**Requirement:**
Return, from the material below, each line in which "fixes" occurs.

**Task inputs:**
++++++++++

lemma is_path_subdivide_edge_inner:
  assumes "qs = as @ ps @ bs" "ps \<noteq> []"
  shows "is_path (V \<union> set qs) (subdivide_edge E v w qs) (set ps)"
proof -
  have "walk (subdivide_edge E v w qs) ((v # as) @ ps @ (bs @ [w]))"
    using walk_chain assms(1) by simp
  then have "walk (subdivide_edge E v w qs) ps"
    using walk_infix assms(2) by blast
  moreover have "distinct ps"
    using qs_distinct assms(1) by simp
  ultimately show ?thesis
    unfolding is_path_def using assms(1) by (intro exI[of _ ps]) auto
qed

end

section \<open>Interval representations of CI posets\<close>

lemma image_atMost_interval:
  fixes g :: "nat \<Rightarrow> nat"
  assumes "\<And>k. k < m \<Longrightarrow> g (Suc k) \<le> Suc (g k) \<and> g k \<le> Suc (g (Suc k))"
  shows "\<exists>l r. g ` {..m} = {l..r}"
  using assms
proof (induction m)
  case 0
  then show ?case by (intro exI[of _ "g 0"]) auto
next
  case (Suc m)
  then obtain l r where lr: "g ` {..m} = {l..r}"
    by auto
  then have "g m \<in> {l..r}"
    by auto
  then have "insert (g (Suc m)) {l..r} = {min l (g (Suc m))..max r (g (Suc m))}"
    using Suc.prems[of m] by auto
  then show ?case
    using lr by (auto simp: atMost_Suc)
qed

lemma walk_positions_interval:
  assumes tree: "tree V E" and hs: "walk E hs" "distinct hs"
    and pos: "\<And>a. a \<in> set hs \<Longrightarrow> pos a < length hs \<and> hs ! pos a = a"
    and ws: "walk E ws" "set ws \<subseteq> set hs"
  shows "\<exists>l r. pos ` set ws = {l..r}"
proof -
  have "ws \<noteq> []"
    using ws(1) by auto
  then have "{..<length ws} = {..length ws - 1}"
    by (cases ws) (auto simp: lessThan_Suc_atMost)
  moreover have "set ws = (!) ws ` {..<length ws}"
    by (auto simp: in_set_conv_nth)
  ultimately have "pos ` set ws = (\<lambda>k. pos (ws ! k)) ` {..length ws - 1}"
    by (simp add: image_image)
  moreover have "pos (ws ! Suc k) = Suc (pos (ws ! k)) \<or> pos (ws ! k) = Suc (pos (ws ! Suc k))"
    if k: "k < length ws - 1" for k
  proof -
    have "ws ! k \<in> set hs" "ws ! Suc k \<in> set hs"
      using k ws(2) by (auto intro: nth_mem)
    then obtain i j where ij: "i = pos (ws ! k)" "j = pos (ws ! Suc k)"
      "i < length hs" "j < length hs" "hs ! i = ws ! k" "hs ! j = ws ! Suc k"
      using pos by blast
    have edge: "{ws ! k, ws ! Suc k} \<in> E" "{ws ! Suc k, ws ! k} \<in> E"
      using walk_edge[OF ws(1)] k by (simp_all add: insert_commute)
    have "simple_graph V E"
      using tree by (simp add: tree_def)
    then have "ws ! k \<noteq> ws ! Suc k"
      using simple_graph_edgeD edge(1) by metis
    then consider "i < j" | "j < i"
      using ij by (metis linorder_neqE_nat)
    then show ?thesis
    proof cases
      case 1
      then show ?thesis
        using tree_edge_consecutive[OF tree edge(1) hs] ij by simp
    next
      case 2
      then show ?thesis
        using tree_edge_consecutive[OF tree edge(2) hs] ij by simp
    qed
  qed
  ultimately show ?thesis
    using image_atMost_interval[of "length ws - 1" "\<lambda>k. pos (ws ! k)"] by force
qed

lemma obtain_list_positions:
  obtains pos where "\<And>a. a \<in> set xs \<Longrightarrow> pos a < length xs \<and> xs ! pos a = a"
proof -
  have "\<exists>i. i < length xs \<and> xs ! i = a" if "a \<in> set xs" for a
    using that by (simp add: in_set_conv_nth)
  then show ?thesis
    using that[of "\<lambda>a. SOME i. i < length xs \<and> xs ! i = a"]
    by (metis (mono_tags, lifting) someI_ex)
qed

lemma CI_interval_rep:
  assumes "CI M lt"
  obtains l r :: "'a \<Rightarrow> nat" and n :: nat
  where "\<And>x. x \<in> M \<Longrightarrow> l x \<le> r x \<and> r x < n"
    and "\<And>x y. x \<in> M \<Longrightarrow> y \<in> M \<Longrightarrow> lt x y \<longleftrightarrow> {l x..r x} \<subset> {l y..r y}"
proof -
  obtain VM :: "nat set" and EM WM where rep: "cpt_rep M lt VM EM WM" and host: "is_path VM EM VM"
    using assms unfolding CI_def by blast
  obtain hs where hs: "walk EM hs" "distinct hs" "VM = set hs"
    using host unfolding is_path_def by blast
  have tree: "tree VM EM" and paths: "\<And>x. x \<in> M \<Longrightarrow> is_path VM EM (WM x)"
    and order: "\<And>x y. x \<in> M \<Longrightarrow> y \<in> M \<Longrightarrow> lt x y \<longleftrightarrow> WM x \<subset> WM y"
    using rep unfolding cpt_rep_def by auto
  obtain pos where pos: "\<And>a. a \<in> set hs \<Longrightarrow> pos a < length hs \<and> hs ! pos a = a"
    using obtain_list_positions[of hs] by blast
  have inj_pos: "inj_on pos (set hs)"
    by (rule inj_onI) (metis pos)
  have WM_hs: "WM x \<subseteq> set hs" if "x \<in> M" for x
    using is_path_subset[OF paths[OF that]] hs(3) by simp
  have "\<exists>l r. pos ` WM x = {l..r}" if x: "x \<in> M" for x
  proof -
    obtain ws where "walk EM ws" "WM x = set ws"
      using paths[OF x] unfolding is_path_def by blast
    then show ?thesis
      using walk_positions_interval[OF tree[unfolded hs(3)] hs(1,2) pos] WM_hs[OF x] by simp
  qed
  then obtain l r where lr: "\<And>x. x \<in> M \<Longrightarrow> pos ` WM x = {l x..r x}"
    by metis
  show ?thesis
  proof
    fix x assume x: "x \<in> M"
    have "{l x..r x} \<noteq> {}"
      using lr[OF x] is_path_nonempty[OF paths[OF x]] by auto
    moreover have "r x \<in> pos ` WM x"
      using lr[OF x] calculation by auto
    ultimately show "l x \<le> r x \<and> r x < length hs"
      using pos WM_hs[OF x] by auto
  next
    fix x y assume xy: "x \<in> M" "y \<in> M"
    have "lt x y \<longleftrightarrow> WM x \<subset> WM y"
      using order[OF xy] .
    also have "\<dots> \<longleftrightarrow> pos ` WM x \<subset> pos ` WM y"
      using inj_on_image_psubset_iff[OF inj_pos WM_hs[OF xy(1)] WM_hs[OF xy(2)]] by simp
    finally show "lt x y \<longleftrightarrow> {l x..r x} \<subset> {l y..r y}"
      using lr xy by simp
  qed
qed

lemma atLeastAtMost_double_psubset_iff:
  fixes a b c d :: nat
  assumes "a \<le> b" "c \<le> d"
  shows "{2 * a..2 * b + 1} \<subset> {2 * c..2 * d + 1} \<longleftrightarrow> {a..b} \<subset> {c..d}"
proof -
  have "{2 * a..2 * b + 1} \<subseteq> {2 * c..2 * d + 1} \<longleftrightarrow> {a..b} \<subseteq> {c..d}"
    "{2 * c..2 * d + 1} \<subseteq> {2 * a..2 * b + 1} \<longleftrightarrow> {c..d} \<subseteq> {a..b}"
    using assms by auto
  then show ?thesis
    by (simp add: less_le_not_le)
qed

lemma CI_nondegenerate_interval_rep:
  assumes "CI M lt"
  obtains l r :: "'a \<Rightarrow> nat" and n :: nat
  where "\<And>x. x \<in> M \<Longrightarrow> l x < r x \<and> r x < n"
    and "\<And>x y. x \<in> M \<Longrightarrow> y \<in> M \<Longrightarrow> lt x y \<longleftrightarrow> {l x..r x} \<subset> {l y..r y}"
proof -
  obtain l r :: "'a \<Rightarrow> nat" and n :: nat
    where lr: "\<And>x. x \<in> M \<Longrightarrow> l x \<le> r x \<and> r x < n"
      and order: "\<And>x y. x \<in> M \<Longrightarrow> y \<in> M \<Longrightarrow> lt x y \<longleftrightarrow> {l x..r x} \<subset> {l y..r y}"
    using CI_interval_rep[OF assms] by blast
  show ?thesis
  proof (rule that[of "\<lambda>x. 2 * l x" "\<lambda>x. 2 * r x + 1" "2 * n"])
    show "2 * l x < 2 * r x + 1 \<and> 2 * r x + 1 < 2 * n" if "x \<in> M" for x
      using lr[OF that] by simp
    show "lt x y \<longleftrightarrow> {2 * l x..2 * r x + 1} \<subset> {2 * l y..2 * r y + 1}" if "x \<in> M" "y \<in> M" for x y
      using order[OF that] atLeastAtMost_double_psubset_iff lr[OF that(1)] lr[OF that(2)]
      by simp
  qed
qed

section \<open>Strong modules\<close>

lemma finite_poset_transp_on: "finite_poset X lt \<Longrightarrow> transp_on X lt"
  unfolding finite_poset_def transp_on_def by blast

definition between_set :: "'a set \<Rightarrow> ('a \<Rightarrow> 'a \<Rightarrow> bool) \<Rightarrow> 'a set \<Rightarrow> 'a \<Rightarrow> 'a set" where
  "between_set X lt M u = {m \<in> M. lt m u} \<union>
     {x \<in> X - M. (\<forall>m\<in>M. lt m u \<longrightarrow> lt m x) \<and> (\<forall>m\<in>M. lt u m \<longrightarrow> lt x m)}"

lemma between_set_below:
  assumes "transp_on X lt" "M \<subseteq> X" "u \<in> X"
    and "s \<in> between_set X lt M u" "c \<in> M" "lt u c"
  shows "lt s c"
  using assms transp_onD[OF assms(1), of s u c] unfolding between_set_def by blast

lemma between_set_comparable:
  assumes trans: "transp_on X lt" and MX: "M \<subseteq> X"
    and t: "t \<in> X - M - between_set X lt M u" "\<forall>m\<in>M. comparable lt t m"
    and below: "\<forall>c\<in>M. lt u c \<longrightarrow> lt t c"
  shows "\<forall>s\<in>between_set X lt M u. comparable lt t s"
proof (cases "\<exists>d\<in>M. lt d u \<and> lt t d")
  case True
  then obtain d where "d \<in> M" "lt d u" "lt t d"
    by blast
  then have "lt t s" if "s \<in> between_set X lt M u - M" for s
    using that t MX transp_onD[OF trans, of t d s] unfolding between_set_def by blast
  then show ?thesis
    using t(2) unfolding between_set_def comparable_def by blast
next
  case False
  then have "t \<in> between_set X lt M u"
    using t below unfolding between_set_def comparable_def by blast
  then show ?thesis
    using t(1) by blast
qed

++++++++++

**Response:**
  fixes g :: "nat \<Rightarrow> nat"
  fixes a b c d :: nat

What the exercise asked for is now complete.